**Exercise**. Please give back, word for word, only the lines starting at the one containing "i - (\<Sum>j\<in>neighbours" and ending at the one containing "never wants to" within the material below.

**Material to process**.

>>

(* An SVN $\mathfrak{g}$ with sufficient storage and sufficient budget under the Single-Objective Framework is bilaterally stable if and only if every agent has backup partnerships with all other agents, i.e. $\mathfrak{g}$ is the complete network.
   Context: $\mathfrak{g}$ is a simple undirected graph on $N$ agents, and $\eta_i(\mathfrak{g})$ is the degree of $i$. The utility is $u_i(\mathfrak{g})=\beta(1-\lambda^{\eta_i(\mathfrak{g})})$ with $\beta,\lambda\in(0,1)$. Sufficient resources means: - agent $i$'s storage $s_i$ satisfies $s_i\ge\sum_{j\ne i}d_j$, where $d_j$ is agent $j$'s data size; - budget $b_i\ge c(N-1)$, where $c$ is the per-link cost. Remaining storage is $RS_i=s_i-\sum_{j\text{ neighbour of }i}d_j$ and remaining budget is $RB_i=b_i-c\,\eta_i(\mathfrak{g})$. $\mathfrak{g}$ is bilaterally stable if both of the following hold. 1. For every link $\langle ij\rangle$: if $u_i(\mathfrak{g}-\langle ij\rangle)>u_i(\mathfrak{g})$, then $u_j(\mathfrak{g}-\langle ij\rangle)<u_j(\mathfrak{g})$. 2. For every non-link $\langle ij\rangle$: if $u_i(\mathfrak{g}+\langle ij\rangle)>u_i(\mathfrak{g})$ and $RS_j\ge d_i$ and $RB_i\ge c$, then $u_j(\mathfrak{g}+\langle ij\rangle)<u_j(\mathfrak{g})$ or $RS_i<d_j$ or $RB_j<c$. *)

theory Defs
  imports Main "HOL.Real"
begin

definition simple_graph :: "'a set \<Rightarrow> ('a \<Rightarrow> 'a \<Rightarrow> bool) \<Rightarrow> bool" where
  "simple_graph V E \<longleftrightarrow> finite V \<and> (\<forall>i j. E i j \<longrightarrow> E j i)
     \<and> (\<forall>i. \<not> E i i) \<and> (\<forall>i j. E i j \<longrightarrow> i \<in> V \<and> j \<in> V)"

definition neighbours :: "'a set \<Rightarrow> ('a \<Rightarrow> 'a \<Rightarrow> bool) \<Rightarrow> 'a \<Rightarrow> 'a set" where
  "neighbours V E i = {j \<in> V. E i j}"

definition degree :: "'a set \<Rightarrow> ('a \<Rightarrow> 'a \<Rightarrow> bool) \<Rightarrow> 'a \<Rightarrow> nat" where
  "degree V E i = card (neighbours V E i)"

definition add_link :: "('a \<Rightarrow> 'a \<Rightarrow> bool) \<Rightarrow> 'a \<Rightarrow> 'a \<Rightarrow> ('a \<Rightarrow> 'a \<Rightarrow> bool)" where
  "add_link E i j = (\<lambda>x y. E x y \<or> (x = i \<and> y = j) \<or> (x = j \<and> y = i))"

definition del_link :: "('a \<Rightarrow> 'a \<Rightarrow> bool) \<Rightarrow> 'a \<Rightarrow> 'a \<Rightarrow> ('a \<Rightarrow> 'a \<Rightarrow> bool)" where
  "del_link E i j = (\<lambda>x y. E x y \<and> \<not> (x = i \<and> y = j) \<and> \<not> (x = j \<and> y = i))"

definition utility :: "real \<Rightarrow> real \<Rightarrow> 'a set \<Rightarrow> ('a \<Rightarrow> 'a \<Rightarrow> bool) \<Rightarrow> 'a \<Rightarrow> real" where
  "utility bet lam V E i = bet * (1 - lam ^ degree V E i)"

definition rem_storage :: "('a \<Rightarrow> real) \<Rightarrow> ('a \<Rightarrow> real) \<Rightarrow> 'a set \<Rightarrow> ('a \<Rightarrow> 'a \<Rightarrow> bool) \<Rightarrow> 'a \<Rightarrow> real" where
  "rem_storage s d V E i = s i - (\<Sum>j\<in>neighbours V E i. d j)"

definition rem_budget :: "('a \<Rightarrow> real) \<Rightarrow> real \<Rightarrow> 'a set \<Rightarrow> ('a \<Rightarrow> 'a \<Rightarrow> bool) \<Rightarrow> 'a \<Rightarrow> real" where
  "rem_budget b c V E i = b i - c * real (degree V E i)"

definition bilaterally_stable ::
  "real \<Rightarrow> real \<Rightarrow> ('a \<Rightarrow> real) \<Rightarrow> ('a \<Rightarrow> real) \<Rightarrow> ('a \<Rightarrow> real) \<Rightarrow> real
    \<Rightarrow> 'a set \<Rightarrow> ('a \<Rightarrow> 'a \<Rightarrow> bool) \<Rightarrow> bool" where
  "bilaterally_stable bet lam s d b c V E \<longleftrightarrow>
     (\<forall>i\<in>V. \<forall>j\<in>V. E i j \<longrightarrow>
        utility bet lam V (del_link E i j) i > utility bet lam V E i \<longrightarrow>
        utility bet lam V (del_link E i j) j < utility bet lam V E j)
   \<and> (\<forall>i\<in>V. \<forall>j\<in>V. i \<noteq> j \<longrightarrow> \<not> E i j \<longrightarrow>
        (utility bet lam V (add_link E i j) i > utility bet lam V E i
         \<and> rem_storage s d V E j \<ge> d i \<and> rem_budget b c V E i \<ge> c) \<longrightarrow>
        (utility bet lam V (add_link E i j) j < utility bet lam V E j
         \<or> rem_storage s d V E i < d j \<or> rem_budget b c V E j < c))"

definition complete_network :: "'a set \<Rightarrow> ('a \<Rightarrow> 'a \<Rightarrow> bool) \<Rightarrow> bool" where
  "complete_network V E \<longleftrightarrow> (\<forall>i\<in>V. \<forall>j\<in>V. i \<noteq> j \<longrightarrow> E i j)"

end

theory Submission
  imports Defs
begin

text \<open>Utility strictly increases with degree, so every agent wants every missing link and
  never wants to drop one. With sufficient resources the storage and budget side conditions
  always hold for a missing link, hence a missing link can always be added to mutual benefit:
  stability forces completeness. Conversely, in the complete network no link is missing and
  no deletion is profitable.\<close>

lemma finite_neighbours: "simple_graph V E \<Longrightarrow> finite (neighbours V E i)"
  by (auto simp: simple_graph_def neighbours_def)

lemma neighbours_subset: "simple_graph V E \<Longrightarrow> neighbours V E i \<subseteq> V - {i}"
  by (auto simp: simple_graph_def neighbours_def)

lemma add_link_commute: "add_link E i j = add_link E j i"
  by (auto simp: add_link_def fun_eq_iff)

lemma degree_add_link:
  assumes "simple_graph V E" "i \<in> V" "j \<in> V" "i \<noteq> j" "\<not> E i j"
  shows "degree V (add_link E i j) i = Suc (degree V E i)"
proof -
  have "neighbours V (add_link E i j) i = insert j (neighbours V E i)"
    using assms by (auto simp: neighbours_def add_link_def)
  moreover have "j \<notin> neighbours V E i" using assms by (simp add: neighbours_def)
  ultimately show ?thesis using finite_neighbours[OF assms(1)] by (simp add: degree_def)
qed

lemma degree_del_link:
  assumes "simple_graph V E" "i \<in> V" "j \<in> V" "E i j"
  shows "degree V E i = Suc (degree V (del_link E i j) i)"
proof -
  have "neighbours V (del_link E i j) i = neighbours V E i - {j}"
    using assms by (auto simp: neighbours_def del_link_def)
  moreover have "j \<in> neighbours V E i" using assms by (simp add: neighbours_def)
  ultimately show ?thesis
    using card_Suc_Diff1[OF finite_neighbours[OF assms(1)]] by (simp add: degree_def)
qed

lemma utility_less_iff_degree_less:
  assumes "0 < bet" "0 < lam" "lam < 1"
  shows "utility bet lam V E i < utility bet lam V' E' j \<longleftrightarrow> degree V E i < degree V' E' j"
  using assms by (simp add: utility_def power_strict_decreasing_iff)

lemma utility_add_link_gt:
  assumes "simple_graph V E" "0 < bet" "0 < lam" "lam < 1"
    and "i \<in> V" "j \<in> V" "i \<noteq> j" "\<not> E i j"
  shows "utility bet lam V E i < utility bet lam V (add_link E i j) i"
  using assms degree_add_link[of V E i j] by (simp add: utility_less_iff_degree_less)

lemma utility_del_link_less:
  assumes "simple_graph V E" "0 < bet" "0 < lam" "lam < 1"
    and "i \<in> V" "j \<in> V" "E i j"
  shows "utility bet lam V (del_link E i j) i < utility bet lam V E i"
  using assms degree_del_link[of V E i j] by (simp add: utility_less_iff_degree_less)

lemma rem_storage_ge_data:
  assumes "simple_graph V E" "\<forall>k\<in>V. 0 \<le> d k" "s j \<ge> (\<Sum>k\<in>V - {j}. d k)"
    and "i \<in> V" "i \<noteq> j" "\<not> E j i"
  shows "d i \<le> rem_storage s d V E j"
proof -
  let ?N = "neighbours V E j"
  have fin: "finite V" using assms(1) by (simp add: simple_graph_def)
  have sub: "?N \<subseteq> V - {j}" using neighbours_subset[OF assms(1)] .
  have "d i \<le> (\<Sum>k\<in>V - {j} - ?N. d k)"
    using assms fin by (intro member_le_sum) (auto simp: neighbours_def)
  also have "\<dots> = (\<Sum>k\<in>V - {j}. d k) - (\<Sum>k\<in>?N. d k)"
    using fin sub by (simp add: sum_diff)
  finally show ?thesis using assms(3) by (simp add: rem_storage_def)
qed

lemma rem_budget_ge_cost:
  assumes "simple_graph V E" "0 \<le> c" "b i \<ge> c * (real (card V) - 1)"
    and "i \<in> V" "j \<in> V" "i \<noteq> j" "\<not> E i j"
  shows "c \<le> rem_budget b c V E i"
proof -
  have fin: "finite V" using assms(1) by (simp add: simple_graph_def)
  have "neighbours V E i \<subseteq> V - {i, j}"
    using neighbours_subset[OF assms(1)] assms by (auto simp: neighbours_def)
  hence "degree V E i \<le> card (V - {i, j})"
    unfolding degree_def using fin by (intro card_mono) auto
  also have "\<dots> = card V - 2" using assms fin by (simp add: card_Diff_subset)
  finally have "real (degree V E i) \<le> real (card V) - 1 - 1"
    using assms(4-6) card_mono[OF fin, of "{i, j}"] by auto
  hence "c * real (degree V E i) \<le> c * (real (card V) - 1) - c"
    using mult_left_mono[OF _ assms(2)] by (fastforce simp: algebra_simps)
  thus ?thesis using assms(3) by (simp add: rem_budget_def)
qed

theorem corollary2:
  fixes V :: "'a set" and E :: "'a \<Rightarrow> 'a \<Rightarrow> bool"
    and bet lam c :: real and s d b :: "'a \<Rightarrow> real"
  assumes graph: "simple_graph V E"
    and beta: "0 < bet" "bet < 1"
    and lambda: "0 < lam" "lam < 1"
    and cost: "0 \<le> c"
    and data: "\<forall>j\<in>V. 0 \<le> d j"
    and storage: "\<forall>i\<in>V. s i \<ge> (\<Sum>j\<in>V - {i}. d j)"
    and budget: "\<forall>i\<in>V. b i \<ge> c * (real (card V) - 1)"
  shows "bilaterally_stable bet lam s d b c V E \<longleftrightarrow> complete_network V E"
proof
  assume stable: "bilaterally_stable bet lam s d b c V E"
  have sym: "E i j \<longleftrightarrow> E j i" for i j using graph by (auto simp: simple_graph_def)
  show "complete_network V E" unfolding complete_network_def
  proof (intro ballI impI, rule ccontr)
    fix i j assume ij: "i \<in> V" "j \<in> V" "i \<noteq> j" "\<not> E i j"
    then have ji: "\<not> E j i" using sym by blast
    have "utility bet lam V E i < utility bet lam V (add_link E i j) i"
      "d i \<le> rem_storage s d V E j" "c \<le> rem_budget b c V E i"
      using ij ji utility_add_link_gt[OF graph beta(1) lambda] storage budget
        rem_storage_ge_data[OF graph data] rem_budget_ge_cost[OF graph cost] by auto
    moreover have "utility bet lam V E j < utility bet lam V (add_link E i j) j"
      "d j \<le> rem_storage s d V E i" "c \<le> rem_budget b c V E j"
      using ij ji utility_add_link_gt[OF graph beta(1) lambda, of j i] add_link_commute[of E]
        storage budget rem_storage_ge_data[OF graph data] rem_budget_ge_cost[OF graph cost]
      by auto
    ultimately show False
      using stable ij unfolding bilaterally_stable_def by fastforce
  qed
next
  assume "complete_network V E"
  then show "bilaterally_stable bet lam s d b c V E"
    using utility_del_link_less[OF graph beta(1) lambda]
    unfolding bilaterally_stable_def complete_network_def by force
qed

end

<<

**Task response**.
  "rem_storage s d V E i = s i - (\<Sum>j\<in>neighbours V E i. d j)"

definition rem_budget :: "('a \<Rightarrow> real) \<Rightarrow> real \<Rightarrow> 'a set \<Rightarrow> ('a \<Rightarrow> 'a \<Rightarrow> bool) \<Rightarrow> 'a \<Rightarrow> real" where
  "rem_budget b c V E i = b i - c * real (degree V E i)"

definition bilaterally_stable ::
  "real \<Rightarrow> real \<Rightarrow> ('a \<Rightarrow> real) \<Rightarrow> ('a \<Rightarrow> real) \<Rightarrow> ('a \<Rightarrow> real) \<Rightarrow> real
    \<Rightarrow> 'a set \<Rightarrow> ('a \<Rightarrow> 'a \<Rightarrow> bool) \<Rightarrow> bool" where
  "bilaterally_stable bet lam s d b c V E \<longleftrightarrow>
     (\<forall>i\<in>V. \<forall>j\<in>V. E i j \<longrightarrow>
        utility bet lam V (del_link E i j) i > utility bet lam V E i \<longrightarrow>
        utility bet lam V (del_link E i j) j < utility bet lam V E j)
   \<and> (\<forall>i\<in>V. \<forall>j\<in>V. i \<noteq> j \<longrightarrow> \<not> E i j \<longrightarrow>
        (utility bet lam V (add_link E i j) i > utility bet lam V E i
         \<and> rem_storage s d V E j \<ge> d i \<and> rem_budget b c V E i \<ge> c) \<longrightarrow>
        (utility bet lam V (add_link E i j) j < utility bet lam V E j
         \<or> rem_storage s d V E i < d j \<or> rem_budget b c V E j < c))"

definition complete_network :: "'a set \<Rightarrow> ('a \<Rightarrow> 'a \<Rightarrow> bool) \<Rightarrow> bool" where
  "complete_network V E \<longleftrightarrow> (\<forall>i\<in>V. \<forall>j\<in>V. i \<noteq> j \<longrightarrow> E i j)"

end

theory Submission
  imports Defs
begin

text \<open>Utility strictly increases with degree, so every agent wants every missing link and
  never wants to drop one. With sufficient resources the storage and budget side conditions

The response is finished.